-- To do --
The answer should be one number: how many lines in the records below contain the word "upper".

[Stored items]

§

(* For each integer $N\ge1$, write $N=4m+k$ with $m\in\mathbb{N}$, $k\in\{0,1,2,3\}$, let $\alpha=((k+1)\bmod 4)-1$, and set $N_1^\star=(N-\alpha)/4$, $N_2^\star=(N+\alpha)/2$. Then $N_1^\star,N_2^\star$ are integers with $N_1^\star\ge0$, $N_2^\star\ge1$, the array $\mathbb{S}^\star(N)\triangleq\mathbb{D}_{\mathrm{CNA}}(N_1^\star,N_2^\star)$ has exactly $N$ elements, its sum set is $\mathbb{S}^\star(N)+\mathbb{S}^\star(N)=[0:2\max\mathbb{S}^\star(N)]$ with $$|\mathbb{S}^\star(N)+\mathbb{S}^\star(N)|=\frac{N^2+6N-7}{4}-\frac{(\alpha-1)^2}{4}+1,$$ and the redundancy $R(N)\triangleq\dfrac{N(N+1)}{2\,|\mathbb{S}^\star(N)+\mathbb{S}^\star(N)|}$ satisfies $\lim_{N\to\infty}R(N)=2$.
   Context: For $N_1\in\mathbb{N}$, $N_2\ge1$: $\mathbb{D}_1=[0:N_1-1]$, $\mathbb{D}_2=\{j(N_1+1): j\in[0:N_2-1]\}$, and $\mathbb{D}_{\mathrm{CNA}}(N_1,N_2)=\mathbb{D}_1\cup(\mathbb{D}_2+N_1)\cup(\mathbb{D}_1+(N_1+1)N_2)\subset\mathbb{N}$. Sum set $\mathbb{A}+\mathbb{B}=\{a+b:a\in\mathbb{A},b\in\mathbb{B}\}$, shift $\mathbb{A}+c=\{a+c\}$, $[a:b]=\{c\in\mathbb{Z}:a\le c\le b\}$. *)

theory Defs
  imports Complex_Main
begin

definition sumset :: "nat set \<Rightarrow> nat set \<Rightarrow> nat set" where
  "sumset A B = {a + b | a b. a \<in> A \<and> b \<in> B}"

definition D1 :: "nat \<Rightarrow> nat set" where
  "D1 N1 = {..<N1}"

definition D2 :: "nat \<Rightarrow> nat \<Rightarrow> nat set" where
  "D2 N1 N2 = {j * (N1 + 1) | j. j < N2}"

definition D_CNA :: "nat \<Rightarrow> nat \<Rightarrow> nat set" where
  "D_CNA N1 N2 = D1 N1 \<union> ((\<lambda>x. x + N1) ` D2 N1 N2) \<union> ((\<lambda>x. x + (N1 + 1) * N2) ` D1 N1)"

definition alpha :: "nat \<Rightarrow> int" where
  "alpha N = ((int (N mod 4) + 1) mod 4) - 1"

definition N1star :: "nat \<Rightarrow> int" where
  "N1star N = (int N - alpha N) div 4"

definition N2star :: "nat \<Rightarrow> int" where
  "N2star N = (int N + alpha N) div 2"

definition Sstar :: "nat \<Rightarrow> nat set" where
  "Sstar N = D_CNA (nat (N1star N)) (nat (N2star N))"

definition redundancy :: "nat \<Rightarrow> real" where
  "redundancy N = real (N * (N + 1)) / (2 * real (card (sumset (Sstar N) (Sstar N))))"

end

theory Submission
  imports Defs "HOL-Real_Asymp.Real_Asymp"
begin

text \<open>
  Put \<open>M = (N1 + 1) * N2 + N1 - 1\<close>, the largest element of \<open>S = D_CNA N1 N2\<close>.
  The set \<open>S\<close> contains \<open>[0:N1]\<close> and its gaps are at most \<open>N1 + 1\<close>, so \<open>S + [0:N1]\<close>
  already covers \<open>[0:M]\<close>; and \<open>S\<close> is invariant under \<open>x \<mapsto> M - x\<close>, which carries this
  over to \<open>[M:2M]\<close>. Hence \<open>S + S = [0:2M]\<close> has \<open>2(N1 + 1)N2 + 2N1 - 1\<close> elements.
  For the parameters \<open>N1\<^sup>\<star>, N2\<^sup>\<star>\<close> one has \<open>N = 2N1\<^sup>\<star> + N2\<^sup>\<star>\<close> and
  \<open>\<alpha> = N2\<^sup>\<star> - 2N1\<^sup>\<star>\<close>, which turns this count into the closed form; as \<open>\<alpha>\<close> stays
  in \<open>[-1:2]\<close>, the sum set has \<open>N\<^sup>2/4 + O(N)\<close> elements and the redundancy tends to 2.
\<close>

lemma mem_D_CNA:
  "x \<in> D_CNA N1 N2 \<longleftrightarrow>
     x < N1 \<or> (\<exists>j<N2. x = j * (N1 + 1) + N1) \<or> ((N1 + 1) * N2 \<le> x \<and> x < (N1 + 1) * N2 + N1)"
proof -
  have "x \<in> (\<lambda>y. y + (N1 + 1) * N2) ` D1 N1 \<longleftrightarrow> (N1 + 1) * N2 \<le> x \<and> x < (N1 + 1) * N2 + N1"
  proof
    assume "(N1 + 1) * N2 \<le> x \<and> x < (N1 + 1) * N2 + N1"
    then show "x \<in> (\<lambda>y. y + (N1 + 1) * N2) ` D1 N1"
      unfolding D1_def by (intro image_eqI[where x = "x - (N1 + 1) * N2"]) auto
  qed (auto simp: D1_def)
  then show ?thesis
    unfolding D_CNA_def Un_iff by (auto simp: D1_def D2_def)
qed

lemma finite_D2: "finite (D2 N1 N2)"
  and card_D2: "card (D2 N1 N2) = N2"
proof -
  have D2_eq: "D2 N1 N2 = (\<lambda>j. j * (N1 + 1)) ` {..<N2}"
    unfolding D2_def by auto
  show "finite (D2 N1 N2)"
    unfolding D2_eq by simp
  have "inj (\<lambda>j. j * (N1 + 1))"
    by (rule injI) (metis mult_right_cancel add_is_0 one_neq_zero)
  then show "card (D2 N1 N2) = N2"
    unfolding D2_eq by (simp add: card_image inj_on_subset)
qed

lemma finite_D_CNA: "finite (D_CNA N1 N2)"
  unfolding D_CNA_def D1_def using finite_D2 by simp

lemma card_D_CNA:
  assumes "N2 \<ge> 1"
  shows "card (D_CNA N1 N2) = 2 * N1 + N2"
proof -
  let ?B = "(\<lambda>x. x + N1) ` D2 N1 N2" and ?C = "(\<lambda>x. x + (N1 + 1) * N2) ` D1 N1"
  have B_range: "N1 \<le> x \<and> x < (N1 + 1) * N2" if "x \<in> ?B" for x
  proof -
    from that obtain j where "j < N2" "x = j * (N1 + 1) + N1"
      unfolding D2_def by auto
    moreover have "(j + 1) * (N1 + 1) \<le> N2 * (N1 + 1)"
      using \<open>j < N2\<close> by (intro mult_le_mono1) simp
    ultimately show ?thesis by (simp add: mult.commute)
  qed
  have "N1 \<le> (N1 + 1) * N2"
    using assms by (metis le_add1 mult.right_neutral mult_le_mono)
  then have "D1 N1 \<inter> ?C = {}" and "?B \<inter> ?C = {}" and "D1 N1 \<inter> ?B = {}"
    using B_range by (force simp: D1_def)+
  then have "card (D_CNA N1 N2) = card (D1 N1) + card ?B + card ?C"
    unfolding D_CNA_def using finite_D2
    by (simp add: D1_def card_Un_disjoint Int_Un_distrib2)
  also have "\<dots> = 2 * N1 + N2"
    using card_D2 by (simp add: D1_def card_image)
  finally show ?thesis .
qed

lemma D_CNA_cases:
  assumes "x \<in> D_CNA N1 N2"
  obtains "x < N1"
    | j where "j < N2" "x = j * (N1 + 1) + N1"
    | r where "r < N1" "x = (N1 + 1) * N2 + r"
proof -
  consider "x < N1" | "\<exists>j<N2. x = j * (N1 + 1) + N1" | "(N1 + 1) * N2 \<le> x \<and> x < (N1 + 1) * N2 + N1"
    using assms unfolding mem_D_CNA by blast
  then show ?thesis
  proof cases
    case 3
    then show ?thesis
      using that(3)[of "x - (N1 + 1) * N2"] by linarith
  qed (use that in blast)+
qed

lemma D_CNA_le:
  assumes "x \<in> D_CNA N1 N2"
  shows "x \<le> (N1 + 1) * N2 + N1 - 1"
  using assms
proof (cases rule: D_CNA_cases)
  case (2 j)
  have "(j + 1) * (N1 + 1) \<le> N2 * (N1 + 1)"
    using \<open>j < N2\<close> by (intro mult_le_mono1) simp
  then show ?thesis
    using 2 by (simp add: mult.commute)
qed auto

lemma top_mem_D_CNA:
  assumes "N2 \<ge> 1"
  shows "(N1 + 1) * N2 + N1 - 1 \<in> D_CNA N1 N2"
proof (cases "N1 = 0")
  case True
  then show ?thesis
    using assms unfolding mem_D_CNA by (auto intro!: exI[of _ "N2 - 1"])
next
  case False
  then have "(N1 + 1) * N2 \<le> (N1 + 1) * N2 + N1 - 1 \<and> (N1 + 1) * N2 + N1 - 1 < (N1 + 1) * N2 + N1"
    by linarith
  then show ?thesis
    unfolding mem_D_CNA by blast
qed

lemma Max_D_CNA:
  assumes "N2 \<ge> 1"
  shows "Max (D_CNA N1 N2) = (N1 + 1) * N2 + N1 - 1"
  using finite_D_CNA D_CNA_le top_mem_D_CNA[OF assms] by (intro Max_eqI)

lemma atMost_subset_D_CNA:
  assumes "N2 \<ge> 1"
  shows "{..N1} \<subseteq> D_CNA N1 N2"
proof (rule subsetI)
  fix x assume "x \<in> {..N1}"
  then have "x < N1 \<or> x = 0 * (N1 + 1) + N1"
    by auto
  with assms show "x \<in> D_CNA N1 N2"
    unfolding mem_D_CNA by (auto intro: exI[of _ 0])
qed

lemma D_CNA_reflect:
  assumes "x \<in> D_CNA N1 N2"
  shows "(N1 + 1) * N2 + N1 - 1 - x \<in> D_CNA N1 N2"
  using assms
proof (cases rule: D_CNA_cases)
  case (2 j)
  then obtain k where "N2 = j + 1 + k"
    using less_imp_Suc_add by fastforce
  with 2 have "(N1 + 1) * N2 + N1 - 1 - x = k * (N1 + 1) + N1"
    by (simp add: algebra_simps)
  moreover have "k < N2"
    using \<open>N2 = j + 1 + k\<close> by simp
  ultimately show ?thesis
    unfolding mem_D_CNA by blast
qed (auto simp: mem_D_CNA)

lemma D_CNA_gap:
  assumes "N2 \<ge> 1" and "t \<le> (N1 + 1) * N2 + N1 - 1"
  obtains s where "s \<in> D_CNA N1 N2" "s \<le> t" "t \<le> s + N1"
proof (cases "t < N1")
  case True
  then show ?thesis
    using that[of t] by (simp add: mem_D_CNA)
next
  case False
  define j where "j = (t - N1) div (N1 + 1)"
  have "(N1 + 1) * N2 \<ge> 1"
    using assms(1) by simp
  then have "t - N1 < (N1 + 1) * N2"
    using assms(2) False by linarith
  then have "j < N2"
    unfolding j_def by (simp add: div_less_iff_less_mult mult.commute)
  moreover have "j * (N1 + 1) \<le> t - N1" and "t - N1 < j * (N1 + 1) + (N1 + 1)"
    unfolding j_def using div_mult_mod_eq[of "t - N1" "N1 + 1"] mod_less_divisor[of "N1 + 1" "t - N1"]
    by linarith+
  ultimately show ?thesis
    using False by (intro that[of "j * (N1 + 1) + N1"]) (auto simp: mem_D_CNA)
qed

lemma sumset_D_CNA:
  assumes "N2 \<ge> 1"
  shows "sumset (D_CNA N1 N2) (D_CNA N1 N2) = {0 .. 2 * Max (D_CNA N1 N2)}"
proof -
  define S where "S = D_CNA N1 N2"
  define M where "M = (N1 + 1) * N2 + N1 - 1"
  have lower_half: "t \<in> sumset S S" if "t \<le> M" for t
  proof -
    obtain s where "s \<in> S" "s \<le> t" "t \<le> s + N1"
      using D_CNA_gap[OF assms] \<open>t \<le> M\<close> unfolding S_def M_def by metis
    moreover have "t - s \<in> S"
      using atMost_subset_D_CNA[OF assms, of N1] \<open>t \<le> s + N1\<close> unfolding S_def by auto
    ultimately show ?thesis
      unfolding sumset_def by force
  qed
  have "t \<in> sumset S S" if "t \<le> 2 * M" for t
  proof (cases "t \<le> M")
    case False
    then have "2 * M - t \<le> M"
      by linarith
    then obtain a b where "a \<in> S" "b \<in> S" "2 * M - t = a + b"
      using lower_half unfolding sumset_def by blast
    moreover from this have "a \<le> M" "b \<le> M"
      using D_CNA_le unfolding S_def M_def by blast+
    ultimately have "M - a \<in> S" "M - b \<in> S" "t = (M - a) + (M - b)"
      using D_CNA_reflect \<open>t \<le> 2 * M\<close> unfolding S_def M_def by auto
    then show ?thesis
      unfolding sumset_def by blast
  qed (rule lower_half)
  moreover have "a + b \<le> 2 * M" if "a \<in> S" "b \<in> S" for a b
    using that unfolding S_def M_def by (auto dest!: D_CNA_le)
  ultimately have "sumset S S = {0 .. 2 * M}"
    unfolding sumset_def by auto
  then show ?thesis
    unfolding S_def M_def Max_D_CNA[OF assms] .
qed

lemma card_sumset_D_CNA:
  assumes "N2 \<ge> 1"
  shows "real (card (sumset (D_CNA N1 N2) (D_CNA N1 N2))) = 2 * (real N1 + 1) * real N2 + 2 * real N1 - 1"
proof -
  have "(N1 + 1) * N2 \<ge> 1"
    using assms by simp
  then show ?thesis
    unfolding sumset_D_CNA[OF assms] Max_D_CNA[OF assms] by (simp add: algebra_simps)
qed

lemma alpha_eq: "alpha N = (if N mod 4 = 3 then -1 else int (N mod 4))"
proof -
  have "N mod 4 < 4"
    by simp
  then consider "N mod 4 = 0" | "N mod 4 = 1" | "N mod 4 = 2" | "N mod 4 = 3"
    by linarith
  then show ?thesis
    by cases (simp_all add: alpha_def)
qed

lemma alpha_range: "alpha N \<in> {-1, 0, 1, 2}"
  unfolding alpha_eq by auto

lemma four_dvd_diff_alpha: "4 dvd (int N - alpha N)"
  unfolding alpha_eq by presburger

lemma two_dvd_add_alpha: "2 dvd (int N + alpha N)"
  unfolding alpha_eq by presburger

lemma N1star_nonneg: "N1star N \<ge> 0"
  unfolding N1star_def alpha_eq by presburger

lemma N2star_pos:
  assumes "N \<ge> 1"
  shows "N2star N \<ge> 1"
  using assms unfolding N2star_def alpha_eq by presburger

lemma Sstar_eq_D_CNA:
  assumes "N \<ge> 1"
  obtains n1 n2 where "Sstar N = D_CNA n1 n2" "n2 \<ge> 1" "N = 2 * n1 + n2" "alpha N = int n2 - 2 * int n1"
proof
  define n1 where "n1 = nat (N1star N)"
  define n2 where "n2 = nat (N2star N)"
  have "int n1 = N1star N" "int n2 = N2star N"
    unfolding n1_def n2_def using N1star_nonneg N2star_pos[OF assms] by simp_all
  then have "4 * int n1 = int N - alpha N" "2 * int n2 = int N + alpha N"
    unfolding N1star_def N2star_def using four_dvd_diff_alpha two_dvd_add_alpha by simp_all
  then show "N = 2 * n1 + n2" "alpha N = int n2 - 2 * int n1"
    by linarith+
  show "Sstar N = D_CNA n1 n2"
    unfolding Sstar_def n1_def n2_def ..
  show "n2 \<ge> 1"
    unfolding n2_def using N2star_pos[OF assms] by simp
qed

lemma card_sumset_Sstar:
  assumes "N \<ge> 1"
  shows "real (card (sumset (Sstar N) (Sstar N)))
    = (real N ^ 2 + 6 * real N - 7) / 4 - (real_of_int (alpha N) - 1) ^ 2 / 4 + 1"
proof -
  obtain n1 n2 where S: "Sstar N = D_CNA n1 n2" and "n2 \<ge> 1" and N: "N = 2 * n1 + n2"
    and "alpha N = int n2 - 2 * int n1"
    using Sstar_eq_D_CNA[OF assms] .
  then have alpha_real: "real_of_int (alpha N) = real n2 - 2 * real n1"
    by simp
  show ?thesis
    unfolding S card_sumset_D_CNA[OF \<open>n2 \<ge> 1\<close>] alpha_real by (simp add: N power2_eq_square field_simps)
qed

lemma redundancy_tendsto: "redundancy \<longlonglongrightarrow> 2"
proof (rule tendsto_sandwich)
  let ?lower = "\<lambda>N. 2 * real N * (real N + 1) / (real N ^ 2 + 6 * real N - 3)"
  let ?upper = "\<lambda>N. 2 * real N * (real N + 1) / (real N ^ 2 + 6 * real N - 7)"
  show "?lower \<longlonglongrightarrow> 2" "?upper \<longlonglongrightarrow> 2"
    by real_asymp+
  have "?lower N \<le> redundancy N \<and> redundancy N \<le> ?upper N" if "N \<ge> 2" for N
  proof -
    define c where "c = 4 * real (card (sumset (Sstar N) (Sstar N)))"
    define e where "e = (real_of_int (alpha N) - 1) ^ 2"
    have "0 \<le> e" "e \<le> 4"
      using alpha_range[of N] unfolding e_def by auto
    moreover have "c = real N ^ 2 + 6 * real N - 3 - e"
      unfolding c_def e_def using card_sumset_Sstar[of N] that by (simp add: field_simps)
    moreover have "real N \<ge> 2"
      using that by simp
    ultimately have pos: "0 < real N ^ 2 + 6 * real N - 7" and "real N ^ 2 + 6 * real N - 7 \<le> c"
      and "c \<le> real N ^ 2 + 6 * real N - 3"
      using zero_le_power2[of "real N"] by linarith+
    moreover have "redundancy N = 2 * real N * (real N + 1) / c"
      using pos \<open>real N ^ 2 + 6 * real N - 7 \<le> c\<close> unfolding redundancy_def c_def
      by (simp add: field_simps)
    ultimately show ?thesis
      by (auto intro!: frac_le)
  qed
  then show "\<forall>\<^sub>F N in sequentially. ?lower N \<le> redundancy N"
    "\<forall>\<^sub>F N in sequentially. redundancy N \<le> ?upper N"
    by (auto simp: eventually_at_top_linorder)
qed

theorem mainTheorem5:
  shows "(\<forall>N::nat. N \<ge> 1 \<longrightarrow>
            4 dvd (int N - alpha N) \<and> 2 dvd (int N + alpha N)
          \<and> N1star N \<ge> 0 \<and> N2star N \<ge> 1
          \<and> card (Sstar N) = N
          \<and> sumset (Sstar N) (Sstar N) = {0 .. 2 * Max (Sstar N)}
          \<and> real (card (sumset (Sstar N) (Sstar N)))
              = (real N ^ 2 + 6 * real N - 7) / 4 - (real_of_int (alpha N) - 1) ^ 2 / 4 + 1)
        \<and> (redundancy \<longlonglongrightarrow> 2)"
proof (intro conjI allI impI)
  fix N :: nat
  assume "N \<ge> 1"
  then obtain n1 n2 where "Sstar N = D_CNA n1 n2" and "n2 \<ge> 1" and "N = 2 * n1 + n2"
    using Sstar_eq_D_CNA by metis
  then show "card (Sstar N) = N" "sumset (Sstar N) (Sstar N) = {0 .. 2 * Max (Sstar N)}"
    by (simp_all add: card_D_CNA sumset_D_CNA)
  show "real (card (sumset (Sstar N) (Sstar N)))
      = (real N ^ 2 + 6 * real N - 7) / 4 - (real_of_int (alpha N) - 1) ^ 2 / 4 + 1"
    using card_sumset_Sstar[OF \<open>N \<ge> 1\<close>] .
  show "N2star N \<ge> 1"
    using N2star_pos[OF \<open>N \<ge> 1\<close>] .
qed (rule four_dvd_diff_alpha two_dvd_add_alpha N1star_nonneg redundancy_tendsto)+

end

§

-- Solution --
4